══ RECORDS FOR THE EXERCISE

(* Let $G$ be a finitely generated residually finite group and $\phi\in\operatorname{Aut}(G)$. If $\operatorname{Stab}_\phi(g)$ is infinite for some $g\in G$, then $R(\phi)=\infty$.
   Context: For an endomorphism $\phi$ of $G$, $R(\phi)\in\mathbb{N}\cup\{\infty\}$ is the number of classes of the relation $x\sim hx\phi(h)^{-1}$ ($h\in G$). The $\phi$-stabiliser of $g\in G$ is $\operatorname{Stab}_\phi(g)=\{b\in G\mid g=bg\phi(b)^{-1}\}$. *)

theory Defs
  imports "HOL-Algebra.Algebra"
begin

definition fin_gen_group :: "('a, 'b) monoid_scheme \<Rightarrow> bool" where
  "fin_gen_group G \<longleftrightarrow> (\<exists>S. finite S \<and> S \<subseteq> carrier G \<and> generate G S = carrier G)"

definition residually_finite :: "('a, 'b) monoid_scheme \<Rightarrow> bool" where
  "residually_finite G \<longleftrightarrow>
     (\<forall>g\<in>carrier G. g \<noteq> \<one>\<^bsub>G\<^esub> \<longrightarrow>
        (\<exists>N. N \<lhd> G \<and> finite (rcosets\<^bsub>G\<^esub> N) \<and> g \<notin> N))"

definition twisted_conj :: "('a, 'b) monoid_scheme \<Rightarrow> ('a \<Rightarrow> 'a) \<Rightarrow> ('a \<times> 'a) set" where
  "twisted_conj G \<phi> = {(x, y). x \<in> carrier G \<and> y \<in> carrier G \<and>
      (\<exists>h\<in>carrier G. y = h \<otimes>\<^bsub>G\<^esub> x \<otimes>\<^bsub>G\<^esub> inv\<^bsub>G\<^esub> (\<phi> h))}"

text \<open>The set of Reidemeister (twisted conjugacy) classes; R(phi) is its cardinality,
  and R(phi) = infinity means this set is infinite.\<close>
definition reidemeister_classes :: "('a, 'b) monoid_scheme \<Rightarrow> ('a \<Rightarrow> 'a) \<Rightarrow> 'a set set" where
  "reidemeister_classes G \<phi> = carrier G // twisted_conj G \<phi>"

definition twisted_stab :: "('a, 'b) monoid_scheme \<Rightarrow> ('a \<Rightarrow> 'a) \<Rightarrow> 'a \<Rightarrow> 'a set" where
  "twisted_stab G \<phi> g = {b \<in> carrier G. g = b \<otimes>\<^bsub>G\<^esub> g \<otimes>\<^bsub>G\<^esub> inv\<^bsub>G\<^esub> (\<phi> b)}"

end

theory Submission
  imports Defs
begin

text \<open>Suppose \<open>R(\<phi>)\<close> is finite. For the twisted conjugation action of a finite group \<open>Q\<close> with
  endomorphism \<open>\<psi>\<close>, the class equation reads \<open>\<Sum> 1 / |Stab\<^sub>\<psi>(x)| = 1\<close>, summed over one
  representative \<open>x\<close> per twisted class. Egyptian fractions with a bounded number of terms have
  bounded denominators, so if \<open>R(\<psi>) \<le> R(\<phi>)\<close> then every stabiliser in \<open>Q\<close> has at most \<open>B\<close>
  elements, for some \<open>B\<close> depending only on \<open>R(\<phi>)\<close>.
  Residual finiteness separates \<open>B + 1\<close> elements of \<open>Stab\<^sub>\<phi>(g)\<close> modulo a normal subgroup \<open>N\<close>
  of finite index. A finitely generated group has only finitely many subgroups of a given
  index, so the preimages of \<open>N\<close> under the powers of \<open>\<phi>\<close> are finitely many; their
  intersection \<open>M\<close> is \<open>\<phi>\<close>-invariant, normal, of finite index, and still separates them. On
  \<open>G/M\<close> the map \<open>\<phi>\<close> induces \<open>\<psi>\<close> with \<open>R(\<psi>) \<le> R(\<phi>)\<close>, yet \<open>Stab\<^sub>\<psi>(gM)\<close> contains \<open>B + 1\<close>
  elements.\<close>

section \<open>Egyptian fractions\<close>

lemma exists_ge_average:
  fixes f :: "'x \<Rightarrow> real"
  assumes "finite A" "A \<noteq> {}" "card A \<le> n" "0 \<le> sum f A"
  shows "\<exists>a\<in>A. sum f A / real n \<le> f a"
proof (rule ccontr)
  assume "\<not> ?thesis"
  then have "sum f A < real (card A) * (sum f A / real n)"
    using sum_strict_mono[OF assms(1,2), of f "\<lambda>_. sum f A / real n"] by (auto simp: not_le)
  also have "\<dots> \<le> real n * (sum f A / real n)"
    using assms(3,4) by (intro mult_right_mono) auto
  also have "\<dots> \<le> sum f A" using assms(4) by simp
  finally show False by simp
qed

════

▶ _TASK TO COMPLETE_
Copy out the entries in full, exactly as they appear.

▶ _ANSWER FOR THIS EXERCISE_
(* Let $G$ be a finitely generated residually finite group and $\phi\in\operatorname{Aut}(G)$. If $\operatorname{Stab}_\phi(g)$ is infinite for some $g\in G$, then $R(\phi)=\infty$.
   Context: For an endomorphism $\phi$ of $G$, $R(\phi)\in\mathbb{N}\cup\{\infty\}$ is the number of classes of the relation $x\sim hx\phi(h)^{-1}$ ($h\in G$). The $\phi$-stabiliser of $g\in G$ is $\operatorname{Stab}_\phi(g)=\{b\in G\mid g=bg\phi(b)^{-1}\}$. *)

theory Defs
  imports "HOL-Algebra.Algebra"
begin

definition fin_gen_group :: "('a, 'b) monoid_scheme \<Rightarrow> bool" where
  "fin_gen_group G \<longleftrightarrow> (\<exists>S. finite S \<and> S \<subseteq> carrier G \<and> generate G S = carrier G)"

definition residually_finite :: "('a, 'b) monoid_scheme \<Rightarrow> bool" where
  "residually_finite G \<longleftrightarrow>
     (\<forall>g\<in>carrier G. g \<noteq> \<one>\<^bsub>G\<^esub> \<longrightarrow>
        (\<exists>N. N \<lhd> G \<and> finite (rcosets\<^bsub>G\<^esub> N) \<and> g \<notin> N))"

definition twisted_conj :: "('a, 'b) monoid_scheme \<Rightarrow> ('a \<Rightarrow> 'a) \<Rightarrow> ('a \<times> 'a) set" where
  "twisted_conj G \<phi> = {(x, y). x \<in> carrier G \<and> y \<in> carrier G \<and>
      (\<exists>h\<in>carrier G. y = h \<otimes>\<^bsub>G\<^esub> x \<otimes>\<^bsub>G\<^esub> inv\<^bsub>G\<^esub> (\<phi> h))}"

text \<open>The set of Reidemeister (twisted conjugacy) classes; R(phi) is its cardinality,
  and R(phi) = infinity means this set is infinite.\<close>
definition reidemeister_classes :: "('a, 'b) monoid_scheme \<Rightarrow> ('a \<Rightarrow> 'a) \<Rightarrow> 'a set set" where
  "reidemeister_classes G \<phi> = carrier G // twisted_conj G \<phi>"

definition twisted_stab :: "('a, 'b) monoid_scheme \<Rightarrow> ('a \<Rightarrow> 'a) \<Rightarrow> 'a \<Rightarrow> 'a set" where
  "twisted_stab G \<phi> g = {b \<in> carrier G. g = b \<otimes>\<^bsub>G\<^esub> g \<otimes>\<^bsub>G\<^esub> inv\<^bsub>G\<^esub> (\<phi> b)}"

end

theory Submission
  imports Defs
begin

text \<open>Suppose \<open>R(\<phi>)\<close> is finite. For the twisted conjugation action of a finite group \<open>Q\<close> with
  endomorphism \<open>\<psi>\<close>, the class equation reads \<open>\<Sum> 1 / |Stab\<^sub>\<psi>(x)| = 1\<close>, summed over one
  representative \<open>x\<close> per twisted class. Egyptian fractions with a bounded number of terms have
  bounded denominators, so if \<open>R(\<psi>) \<le> R(\<phi>)\<close> then every stabiliser in \<open>Q\<close> has at most \<open>B\<close>
  elements, for some \<open>B\<close> depending only on \<open>R(\<phi>)\<close>.
  Residual finiteness separates \<open>B + 1\<close> elements of \<open>Stab\<^sub>\<phi>(g)\<close> modulo a normal subgroup \<open>N\<close>
  of finite index. A finitely generated group has only finitely many subgroups of a given
  index, so the preimages of \<open>N\<close> under the powers of \<open>\<phi>\<close> are finitely many; their
  intersection \<open>M\<close> is \<open>\<phi>\<close>-invariant, normal, of finite index, and still separates them. On
  \<open>G/M\<close> the map \<open>\<phi>\<close> induces \<open>\<psi>\<close> with \<open>R(\<psi>) \<le> R(\<phi>)\<close>, yet \<open>Stab\<^sub>\<psi>(gM)\<close> contains \<open>B + 1\<close>
  elements.\<close>

section \<open>Egyptian fractions\<close>

lemma exists_ge_average:
  fixes f :: "'x \<Rightarrow> real"
  assumes "finite A" "A \<noteq> {}" "card A \<le> n" "0 \<le> sum f A"
  shows "\<exists>a\<in>A. sum f A / real n \<le> f a"
proof (rule ccontr)
  assume "\<not> ?thesis"
  then have "sum f A < real (card A) * (sum f A / real n)"
    using sum_strict_mono[OF assms(1,2), of f "\<lambda>_. sum f A / real n"] by (auto simp: not_le)
  also have "\<dots> \<le> real n * (sum f A / real n)"
    using assms(3,4) by (intro mult_right_mono) auto
  also have "\<dots> \<le> sum f A" using assms(4) by simp
  finally show False by simp
qed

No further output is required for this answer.